Source material:

lemma pred_freq0_eq: "Measurable.pred (PiM {1..m} (\<lambda>_. gspace)) (\<lambda>a. freq0 N a init m = x)"
proof -
  have [measurable]: "Measurable.pred (PiM {1..m} (\<lambda>_. gspace)) (\<lambda>a. type0 a init m i)" for i
    by (rule pred_type0) simp
  have eq: "(\<lambda>a. freq0 N a init m) = (\<lambda>a. (\<Sum>i\<in>{1..N}. if type0 a init m i then 1 else 0) / real N)"
    unfolding freq0_def by (simp add: sum.If_cases Int_def conj_commute)
  have "(\<lambda>a. freq0 N a init m) \<in> borel_measurable (PiM {1..m} (\<lambda>_. gspace))"
    unfolding eq by measurable
  then show ?thesis by measurable
qed

lemma pred_freq0_parents_satisfy:
  "Measurable.pred (PiM {1..m} (\<lambda>_. gspace) \<Otimes>\<^sub>M PiM {Suc m} (\<lambda>_. gspace))
    (\<lambda>w. freq0 N (fst w) init m = x \<and> snd w (Suc m) \<in> parents_satisfy A (type0 (fst w) init m))"
proof -
  let ?P = "PiM {1..m} (\<lambda>_. gspace) \<Otimes>\<^sub>M PiM {Suc m} (\<lambda>_. gspace)"
  have now: "(\<lambda>w. snd w (Suc m)) \<in> measurable ?P gspace"
    by (rule measurable_compose[OF measurable_snd measurable_component_singleton]) simp
  have tm: "Measurable.pred ?P (\<lambda>w. type0 (fst w) init m v)" for v
    by (rule measurable_compose[OF measurable_fst pred_type0]) simp
  have [measurable]: "Measurable.pred ?P (\<lambda>w. freq0 N (fst w) init m = x)"
    by (rule measurable_compose[OF measurable_fst pred_freq0_eq])
  have [measurable]: "Measurable.pred ?P (\<lambda>w. enat l < gK (snd w (Suc m)) i)" for l i
    using measurable_compose[OF measurable_compose[OF now measurable_gK[of i]], of "\<lambda>v. enat l < v" "count_space UNIV"]
    by simp
  have [measurable]: "Measurable.pred ?P (\<lambda>w. type0 (fst w) init m (gL (snd w (Suc m)) i l))" for i l
    by (rule measurable_compose_countable'[where f="\<lambda>v w. type0 (fst w) init m v", OF tm
          measurable_compose[OF now measurable_gL]]) simp
  have "Measurable.pred ?P (\<lambda>w. freq0 N (fst w) init m = x
      \<and> (\<forall>i\<in>A. \<forall>l. enat l < gK (snd w (Suc m)) i \<longrightarrow> type0 (fst w) init m (gL (snd w (Suc m)) i l)))"
    by measurable
  then show ?thesis by (simp add: parents_satisfy_def)
qed

section \<open>Conditioning on the past generations\<close>

lemma (in prob_space) prob_indep_var_section:
  assumes indep: "indep_var MX X MY Y"
    and C: "C \<in> sets MX" and E: "E \<in> sets (MX \<Otimes>\<^sub>M MY)" and EC: "E \<subseteq> C \<times> space MY"
    and sec: "\<And>a. a \<in> C \<Longrightarrow> prob {\<omega> \<in> space M. (a, Y \<omega>) \<in> E} = s"
  shows "prob {\<omega> \<in> space M. (X \<omega>, Y \<omega>) \<in> E} = s * prob {\<omega> \<in> space M. X \<omega> \<in> C}"
proof (cases "C = {}")
  case True
  then show ?thesis using EC by simp
next
  case False
  then have s: "0 \<le> s" using sec by force
  have X: "X \<in> measurable M MX" and Y: "Y \<in> measurable M MY"
    using indep by (auto dest: indep_var_rv1 indep_var_rv2)
  interpret Y: prob_space "distr M MY Y" using Y by (rule prob_space_distr)
  have sections: "emeasure (distr M MY Y) (Pair a -` E) = ennreal s * indicator C a" for a
  proof (cases "a \<in> C")
    case True
    have "Pair a -` E \<in> sets MY" using E by (rule sets_Pair1)
    then have "emeasure (distr M MY Y) (Pair a -` E) = emeasure M {\<omega> \<in> space M. (a, Y \<omega>) \<in> E}"
      by (simp add: emeasure_distr[OF Y] vimage_def Int_def conj_commute)
    then show ?thesis using sec[OF True] True by (simp add: emeasure_eq_measure)
  next
    case False
    then have "Pair a -` E = {}" using EC by auto
    then show ?thesis using False by simp
  qed
  have "emeasure M {\<omega> \<in> space M. (X \<omega>, Y \<omega>) \<in> E} = emeasure (distr M MX X \<Otimes>\<^sub>M distr M MY Y) E"
    using indep E X Y unfolding indep_var_distribution_eq
    by (simp add: emeasure_distr vimage_def Int_def conj_commute)
  also have "\<dots> = (\<integral>\<^sup>+a. ennreal s * indicator C a \<partial>distr M MX X)"
    using E by (simp add: Y.emeasure_pair_measure_alt sections)
  also have "\<dots> = ennreal s * emeasure M {\<omega> \<in> space M. X \<omega> \<in> C}"
    using C X by (simp add: nn_integral_cmult_indicator emeasure_distr vimage_def Int_def conj_commute)
  finally show ?thesis
    using s by (simp add: emeasure_eq_measure ennreal_mult[symmetric])
qed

Problem requirements: So that nothing is lost, please reproduce each entry exactly as written.

Answer to this problem:
lemma pred_freq0_eq: "Measurable.pred (PiM {1..m} (\<lambda>_. gspace)) (\<lambda>a. freq0 N a init m = x)"
proof -
  have [measurable]: "Measurable.pred (PiM {1..m} (\<lambda>_. gspace)) (\<lambda>a. type0 a init m i)" for i
    by (rule pred_type0) simp
  have eq: "(\<lambda>a. freq0 N a init m) = (\<lambda>a. (\<Sum>i\<in>{1..N}. if type0 a init m i then 1 else 0) / real N)"
    unfolding freq0_def by (simp add: sum.If_cases Int_def conj_commute)
  have "(\<lambda>a. freq0 N a init m) \<in> borel_measurable (PiM {1..m} (\<lambda>_. gspace))"
    unfolding eq by measurable
  then show ?thesis by measurable
qed

lemma pred_freq0_parents_satisfy:
  "Measurable.pred (PiM {1..m} (\<lambda>_. gspace) \<Otimes>\<^sub>M PiM {Suc m} (\<lambda>_. gspace))
    (\<lambda>w. freq0 N (fst w) init m = x \<and> snd w (Suc m) \<in> parents_satisfy A (type0 (fst w) init m))"
proof -
  let ?P = "PiM {1..m} (\<lambda>_. gspace) \<Otimes>\<^sub>M PiM {Suc m} (\<lambda>_. gspace)"
  have now: "(\<lambda>w. snd w (Suc m)) \<in> measurable ?P gspace"
    by (rule measurable_compose[OF measurable_snd measurable_component_singleton]) simp
  have tm: "Measurable.pred ?P (\<lambda>w. type0 (fst w) init m v)" for v
    by (rule measurable_compose[OF measurable_fst pred_type0]) simp
  have [measurable]: "Measurable.pred ?P (\<lambda>w. freq0 N (fst w) init m = x)"
    by (rule measurable_compose[OF measurable_fst pred_freq0_eq])
  have [measurable]: "Measurable.pred ?P (\<lambda>w. enat l < gK (snd w (Suc m)) i)" for l i
    using measurable_compose[OF measurable_compose[OF now measurable_gK[of i]], of "\<lambda>v. enat l < v" "count_space UNIV"]
    by simp
  have [measurable]: "Measurable.pred ?P (\<lambda>w. type0 (fst w) init m (gL (snd w (Suc m)) i l))" for i l
    by (rule measurable_compose_countable'[where f="\<lambda>v w. type0 (fst w) init m v", OF tm
          measurable_compose[OF now measurable_gL]]) simp
  have "Measurable.pred ?P (\<lambda>w. freq0 N (fst w) init m = x
      \<and> (\<forall>i\<in>A. \<forall>l. enat l < gK (snd w (Suc m)) i \<longrightarrow> type0 (fst w) init m (gL (snd w (Suc m)) i l)))"
    by measurable
  then show ?thesis by (simp add: parents_satisfy_def)
qed

section \<open>Conditioning on the past generations\<close>

lemma (in prob_space) prob_indep_var_section:
  assumes indep: "indep_var MX X MY Y"
    and C: "C \<in> sets MX" and E: "E \<in> sets (MX \<Otimes>\<^sub>M MY)" and EC: "E \<subseteq> C \<times> space MY"
    and sec: "\<And>a. a \<in> C \<Longrightarrow> prob {\<omega> \<in> space M. (a, Y \<omega>) \<in> E} = s"
  shows "prob {\<omega> \<in> space M. (X \<omega>, Y \<omega>) \<in> E} = s * prob {\<omega> \<in> space M. X \<omega> \<in> C}"
proof (cases "C = {}")
  case True
  then show ?thesis using EC by simp
next
  case False
  then have s: "0 \<le> s" using sec by force
  have X: "X \<in> measurable M MX" and Y: "Y \<in> measurable M MY"
    using indep by (auto dest: indep_var_rv1 indep_var_rv2)
  interpret Y: prob_space "distr M MY Y" using Y by (rule prob_space_distr)
  have sections: "emeasure (distr M MY Y) (Pair a -` E) = ennreal s * indicator C a" for a
  proof (cases "a \<in> C")
    case True
    have "Pair a -` E \<in> sets MY" using E by (rule sets_Pair1)
    then have "emeasure (distr M MY Y) (Pair a -` E) = emeasure M {\<omega> \<in> space M. (a, Y \<omega>) \<in> E}"
      by (simp add: emeasure_distr[OF Y] vimage_def Int_def conj_commute)
    then show ?thesis using sec[OF True] True by (simp add: emeasure_eq_measure)
  next
    case False
    then have "Pair a -` E = {}" using EC by auto
    then show ?thesis using False by simp
  qed
  have "emeasure M {\<omega> \<in> space M. (X \<omega>, Y \<omega>) \<in> E} = emeasure (distr M MX X \<Otimes>\<^sub>M distr M MY Y) E"
    using indep E X Y unfolding indep_var_distribution_eq
    by (simp add: emeasure_distr vimage_def Int_def conj_commute)
  also have "\<dots> = (\<integral>\<^sup>+a. ennreal s * indicator C a \<partial>distr M MX X)"
    using E by (simp add: Y.emeasure_pair_measure_alt sections)
  also have "\<dots> = ennreal s * emeasure M {\<omega> \<in> space M. X \<omega> \<in> C}"
    using C X by (simp add: nn_integral_cmult_indicator emeasure_distr vimage_def Int_def conj_commute)
  finally show ?thesis
    using s by (simp add: emeasure_eq_measure ennreal_mult[symmetric])
qed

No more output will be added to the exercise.